[Collected data entries]
○ ○ ○ ○

lemma is_path_append:
  assumes "is_path V E xs" "is_path V E ys" "E (last xs) (hd ys)" "set xs \<inter> set ys = {}"
  shows "is_path V E (xs @ ys)"
  using assms by (auto simp: is_path_conv successively_append_iff)

lemma is_path_append_last:
  assumes "is_path V E xs" "is_path V E (last xs # ys)" "set xs \<inter> set ys = {}"
  shows "is_path V E (xs @ ys)"
  using assms by (cases ys) (auto simp: is_path_conv successively_append_iff)

lemma is_path_appendD:
  assumes "is_path V E (xs @ ys)"
  shows "xs \<noteq> [] \<Longrightarrow> is_path V E xs" and "ys \<noteq> [] \<Longrightarrow> is_path V E ys"
  using assms by (auto simp: is_path_conv successively_append_iff)

lemma is_path_take: "is_path V E xs \<Longrightarrow> 0 < m \<Longrightarrow> is_path V E (take m xs)"
  using is_path_appendD(1)[of V E "take m xs" "drop m xs"] by (auto simp: is_path_conv)

lemma is_path_length_ge_2: "is_path V E xs \<Longrightarrow> hd xs \<noteq> last xs \<Longrightarrow> 2 \<le> length xs"
  by (cases xs rule: remdups_adj.cases) (auto simp: is_path_conv)

lemma is_path_rev: "(\<And>x y. E x y \<Longrightarrow> E y x) \<Longrightarrow> is_path V E xs \<Longrightarrow> is_path V E (rev xs)"
  unfolding is_path_conv by (auto intro: successively_mono)

lemma is_path_induced_iff:
  "is_path W (induced E W) xs \<longleftrightarrow> is_path UNIV E xs \<and> set xs \<subseteq> W"
  unfolding is_path_conv induced_def by (auto intro: successively_mono)

lemma joined_along_path:
  "is_path V E xs \<Longrightarrow> x \<in> set xs \<Longrightarrow> joined V E (hd xs) x"
proof -
  assume "is_path V E xs" "x \<in> set xs"
  moreover obtain ys zs where "xs = ys @ x # zs" using \<open>x \<in> set xs\<close> by (meson split_list)
  ultimately have "is_path V E (ys @ [x])" "hd (ys @ [x]) = hd xs"
    using is_path_appendD(1)[of V E "ys @ [x]" zs] by (auto simp: hd_append)
  then show ?thesis unfolding joined_def by (metis last_snoc)
qed

lemma is_path_subset_component: "is_path V E xs \<Longrightarrow> set xs \<subseteq> component V E (hd xs)"
proof
  fix x assume "is_path V E xs" "x \<in> set xs"
  then have "joined V E (hd xs) x" by (rule joined_along_path)
  moreover have "x \<in> V" using \<open>is_path V E xs\<close> \<open>x \<in> set xs\<close> by (auto simp: is_path_conv)
  ultimately show "x \<in> component V E (hd xs)" unfolding component_def by blast
qed

lemma joined_iff_rtranclp: "joined V E u w \<longleftrightarrow> u \<in> V \<and> (induced E V)\<^sup>*\<^sup>* u w"
proof
  assume "joined V E u w"
  then obtain xs where xs: "is_path V E xs" "hd xs = u" "last xs = w"
    unfolding joined_def by blast
  have "set xs \<subseteq> V \<Longrightarrow> successively E xs \<Longrightarrow> xs \<noteq> [] \<Longrightarrow> (induced E V)\<^sup>*\<^sup>* (hd xs) (last xs)"
    by (induction xs rule: induct_list012)
       (auto simp: induced_def intro: converse_rtranclp_into_rtranclp)
  with xs show "u \<in> V \<and> (induced E V)\<^sup>*\<^sup>* u w"
    by (auto simp: is_path_conv)
next
  assume "u \<in> V \<and> (induced E V)\<^sup>*\<^sup>* u w"
  then have "(induced E V)\<^sup>*\<^sup>* u w" "u \<in> V" by auto
  then show "joined V E u w"
  proof (induction rule: rtranclp_induct)
    case base
    then show ?case unfolding joined_def by (intro exI[of _ "[u]"]) simp
  next
    case (step v w)
    then obtain xs where xs: "is_path V E xs" "hd xs = u" "last xs = v"
      unfolding joined_def by blast
    show ?case
    proof (cases "w \<in> set xs")
      case True
      then show ?thesis using joined_along_path[OF xs(1)] xs(2) by simp
    next
      case False
      with xs step(2) have "is_path V E (xs @ [w])"
        by (intro is_path_append) (auto simp: induced_def)
      with xs show ?thesis unfolding joined_def
        by (metis is_path_conv hd_append last_snoc)
    qed
  qed
qed

lemma joined_refl: "u \<in> V \<Longrightarrow> joined V E u u"
  by (simp add: joined_iff_rtranclp)

lemma joined_in: "joined V E u v \<Longrightarrow> u \<in> V \<and> v \<in> V"
  unfolding joined_def is_path_conv by (metis hd_in_set last_in_set subsetD)

lemma joined_step: "joined V E u v \<Longrightarrow> E v w \<Longrightarrow> w \<in> V \<Longrightarrow> joined V E u w"
  using joined_in[of V E u v]
  by (auto simp: joined_iff_rtranclp induced_def intro: rtranclp.rtrancl_into_rtrancl)

lemma joined_trans: "joined V E u v \<Longrightarrow> joined V E v w \<Longrightarrow> joined V E u w"
  unfolding joined_iff_rtranclp by auto

lemma graph_sym: "graph V E \<Longrightarrow> E x y \<Longrightarrow> E y x"
  unfolding graph_def by blast

lemma joined_sym: "graph W E \<Longrightarrow> joined V E u v \<Longrightarrow> joined V E v u"
  unfolding joined_def by (metis is_path_rev graph_sym hd_rev last_rev)

lemma joined_induced_mono:
  "joined D (induced E D) x y \<Longrightarrow> D \<subseteq> D' \<Longrightarrow> joined D' (induced E D') x y"
  unfolding joined_def is_path_induced_iff by blast

lemma infinite_ex_notin: "infinite A \<Longrightarrow> finite B \<Longrightarrow> \<exists>x\<in>A. x \<notin> B"
  by (meson finite_subset subsetI)

lemma split_at_last_member:
  "set xs \<inter> D \<noteq> {} \<Longrightarrow> \<exists>ys z zs. xs = ys @ z # zs \<and> z \<in> D \<and> set zs \<inter> D = {}"
proof (induction xs)
  case (Cons x xs)
  show ?case
  proof (cases "set xs \<inter> D = {}")
    case True
    with Cons.prems show ?thesis by (intro exI[of _ "[]"]) auto
  next
    case False
    then obtain ys z zs where "xs = ys @ z # zs" "z \<in> D" "set zs \<inter> D = {}"
      using Cons.IH by blast
    then show ?thesis by (intro exI[of _ "x # ys"]) auto
  qed
qed simp

lemma graph_induced: "graph V E \<Longrightarrow> graph D (induced E D)"
  unfolding graph_def induced_def by blast

lemma component_eq:
  assumes "graph V E" and dc: "joined V E d c"
  shows "component V E c = component V E d"
proof -
  have cd: "joined V E c d" using joined_sym[OF assms] .
  show ?thesis unfolding component_def
    using joined_trans[OF dc] joined_trans[OF cd] by blast
qed

lemma unjoined_vertex_if_infinite_components:
  assumes G: "graph V E" and "finite D" "infinite (components V E)"
  shows "\<exists>c\<in>V. \<forall>d\<in>D. \<not> joined V E d c"
proof (rule ccontr)
  assume all_joined: "\<not> ?thesis"
  have "components V E \<subseteq> component V E ` D"
  proof
    fix C assume "C \<in> components V E"
    then obtain c where c: "c \<in> V" "C = component V E c" unfolding components_def by blast
    with all_joined obtain d where "d \<in> D" "joined V E d c" by blast
    with c show "C \<in> component V E ` D" using component_eq[OF G] by blast
  qed
  with assms(2,3) show False by (meson finite_imageI finite_subset)
qed

lemma radius_le_mono: "radius_le V E a \<Longrightarrow> a \<le> b \<Longrightarrow> radius_le V E b"
  unfolding radius_le_def by (meson order_trans)

lemma is_path_map:
  assumes "is_path V E xs" "inj_on f V" "f ` V \<subseteq> W"
    and "\<And>x y. x \<in> V \<Longrightarrow> y \<in> V \<Longrightarrow> E x y \<Longrightarrow> E' (f x) (f y)"
  shows "is_path W E' (map f xs)"
proof -
  have "successively (\<lambda>x y. E' (f x) (f y)) xs"
    using assms(1,4) unfolding is_path_conv
    by (induction xs rule: induct_list012) auto
  with assms(1-3) show ?thesis
    unfolding is_path_conv by (auto simp: successively_map distinct_map inj_on_subset)
qed

lemma infinitely_connected_path:
  assumes "infinitely_connected V E" "finite F" "a \<in> V - F" "b \<in> V - F"
  shows "\<exists>ps. is_path V E ps \<and> hd ps = a \<and> last ps = b \<and> set ps \<inter> F = {}"
proof -
  have "connected_graph (V - F \<inter> V) (induced E (V - F \<inter> V))"
    using assms(1,2) unfolding infinitely_connected_def by simp
  moreover have "V - F \<inter> V = V - F" by blast
  ultimately have "joined (V - F) (induced E (V - F)) a b"
    using assms(3,4) unfolding connected_graph_def by simp
  then show ?thesis
    unfolding joined_def is_path_induced_iff by (auto simp: is_path_conv)
qed

lemma infinitely_connected_long_path:
  assumes conn: "infinitely_connected V E" and F: "finite F" and a: "a \<in> V - F"
  shows "\<exists>ps. is_path V E ps \<and> hd ps = a \<and> length ps = Suc n \<and> set ps \<inter> F = {}"
proof (induction n)
  case 0
  show ?case using a by (intro exI[of _ "[a]"]) auto
next
  case (Suc n)
  then obtain ps where ps: "is_path V E ps" "hd ps = a" "length ps = Suc n" "set ps \<inter> F = {}"
    by blast
  obtain ps' z where ps_eq: "ps = ps' @ [z]"
    using ps(1) by (cases ps rule: rev_cases) (auto simp: is_path_conv)
  let ?F = "F \<union> set ps'"
  have z: "z \<notin> ?F" "z \<in> V" using ps(1,4) unfolding ps_eq by (auto simp: is_path_conv)
  have "infinite V" using conn unfolding infinitely_connected_def by simp
  then obtain b where b: "b \<in> V" "b \<notin> insert z ?F"
    using infinite_ex_notin[of V "insert z ?F"] F by blast
  \<comment> \<open>the second vertex of a path from \<open>z\<close> to a fresh \<open>b\<close> avoiding \<open>?F\<close> extends \<open>ps\<close>\<close>
  obtain qs where qs: "is_path V E qs" "hd qs = z" "last qs = b" "set qs \<inter> ?F = {}"
    using infinitely_connected_path[OF conn, of ?F z b] F b z by auto
  obtain w qs' where "qs = z # w # qs'"
    using qs(1,2,3) b(2) by (cases qs; cases "tl qs") (auto simp: is_path_conv)
  then have w: "E z w" "w \<in> V" "w \<noteq> z" "w \<notin> ?F"
    using qs by (auto simp: is_path_conv)
  then have "is_path V E (ps @ [w])"
    using ps(1) ps_eq by (intro is_path_append) (auto simp: is_path_conv)
  with ps w(4) show ?case
    by (intro exI[of _ "ps @ [w]"]) (auto simp: is_path_conv)
qed

section \<open>Graphs on \<open>\<nat>\<close> built from linked blocks\<close>

definition link_start :: "nat \<Rightarrow> nat" where
  "link_start n = fst (prod_decode (fst (prod_decode n)))"

definition link_end :: "nat \<Rightarrow> nat" where
  "link_end n = snd (prod_decode (fst (prod_decode n)))"

definition active_block :: "nat \<Rightarrow> nat \<Rightarrow> bool" where
  "active_block s n \<longleftrightarrow> link_start n < n * s \<and> link_end n < n * s"

lemma active_block_pos: "active_block s n \<Longrightarrow> 0 < s"
  unfolding active_block_def by (cases s) auto

text \<open>Vertex \<open>n * s + p\<close> (\<open>p < s\<close>) is position \<open>p\<close> of block \<open>n\<close>.\<close>

definition block_arc :: "nat \<Rightarrow> nat \<Rightarrow> nat \<Rightarrow> bool" where
  "block_arc s x y \<longleftrightarrow>
     (\<exists>n p. Suc p < s \<and> x = n * s + p \<and> y = n * s + Suc p)
   \<or> (\<exists>n. active_block s n \<and> x = link_start n \<and> y = n * s)
   \<or> (\<exists>n. active_block s n \<and> x = link_end n \<and> y = n * s + (s - 1))"

definition block_graph :: "nat \<Rightarrow> nat \<Rightarrow> nat \<Rightarrow> bool" where
  "block_graph s x y \<longleftrightarrow> block_arc s x y \<or> block_arc s y x"

lemma graph_block_graph: "graph UNIV (block_graph s)"
  unfolding graph_def block_graph_def block_arc_def active_block_def by auto

lemma block_position_unique:
  fixes n m p q s :: nat
  assumes "p < s" "q < s" "n * s + p = m * s + q"
  shows "n = m \<and> p = q"
proof -
  from assms(3) have "(n * s + p) div s = (m * s + q) div s" "(n * s + p) mod s = (m * s + q) mod s"
    by simp_all
  with assms(1,2) show ?thesis by simp
qed

lemma block_le_if_below: "(m::nat) * s \<le> z \<Longrightarrow> z < Suc n * s \<Longrightarrow> m \<le> n"
  by (metis le_less_trans less_Suc_eq_le mult_less_cancel2)

lemma block_graph_lower_neighbour:
  assumes "p < s" and e: "block_graph s (n * s + p) z" and "z < Suc n * s"
  shows "(0 < p \<and> z = n * s + p - 1) \<or> (Suc p < s \<and> z = n * s + p + 1)
       \<or> (p = 0 \<and> active_block s n \<and> z = link_start n)
       \<or> (p = s - 1 \<and> active_block s n \<and> z = link_end n)"
proof -
  have block_eq: "m = n \<and> q = p" if "q < s" "n * s + p = m * s + q" for m q
    using block_position_unique[of p s q n m] assms(1) that by auto
  have not_outgoing: False if "active_block s m" "m * s \<le> z" "n * s + p < m * s" for m
  proof -
    have "m \<le> n" using block_le_if_below[of m s z n] that(2) assms(3) by simp
    then have "m * s \<le> n * s" by (rule mult_le_mono1)
    with that(3) show False by linarith
  qed
  from e consider
      (succ) m q where "Suc q < s" "n * s + p = m * s + q" "z = m * s + Suc q"
    | (prev) m q where "Suc q < s" "z = m * s + q" "n * s + p = m * s + Suc q"
    | (start_out) m where "active_block s m" "n * s + p = link_start m" "z = m * s"
    | (end_out) m where "active_block s m" "n * s + p = link_end m" "z = m * s + (s - 1)"
    | (start_in) m where "active_block s m" "z = link_start m" "n * s + p = m * s"
    | (end_in) m where "active_block s m" "z = link_end m" "n * s + p = m * s + (s - 1)"
    unfolding block_graph_def block_arc_def by blast
  then show ?thesis
  proof cases
    case (succ m q)
    then show ?thesis using block_eq[of q m] by simp
  next
    case (prev m q)
    then show ?thesis using block_eq[of "Suc q" m] by auto
  next
    case (start_out m)
    then show ?thesis using not_outgoing[of m] unfolding active_block_def by simp
  next
    case (end_out m)
    then show ?thesis using not_outgoing[of m] unfolding active_block_def by simp
  next
    case (start_in m)
    then show ?thesis using block_eq[of 0 m] assms(1) by simp
  next
    case (end_in m)
    then show ?thesis using block_eq[of "s - 1" m] assms(1) by simp
  qed
qed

○ ○ ○ ○

*Activity*:
Both end lines included, restate word for word the lines above from the line with "E \<Longrightarrow> graph" to the line with "with all_joined obtain", and nothing else.

*Output for this task*:
lemma graph_induced: "graph V E \<Longrightarrow> graph D (induced E D)"
  unfolding graph_def induced_def by blast

lemma component_eq:
  assumes "graph V E" and dc: "joined V E d c"
  shows "component V E c = component V E d"
proof -
  have cd: "joined V E c d" using joined_sym[OF assms] .
  show ?thesis unfolding component_def
    using joined_trans[OF dc] joined_trans[OF cd] by blast
qed

lemma unjoined_vertex_if_infinite_components:
  assumes G: "graph V E" and "finite D" "infinite (components V E)"
  shows "\<exists>c\<in>V. \<forall>d\<in>D. \<not> joined V E d c"
proof (rule ccontr)
  assume all_joined: "\<not> ?thesis"
  have "components V E \<subseteq> component V E ` D"
  proof
    fix C assume "C \<in> components V E"
    then obtain c where c: "c \<in> V" "C = component V E c" unfolding components_def by blast
    with all_joined obtain d where "d \<in> D" "joined V E d c" by blast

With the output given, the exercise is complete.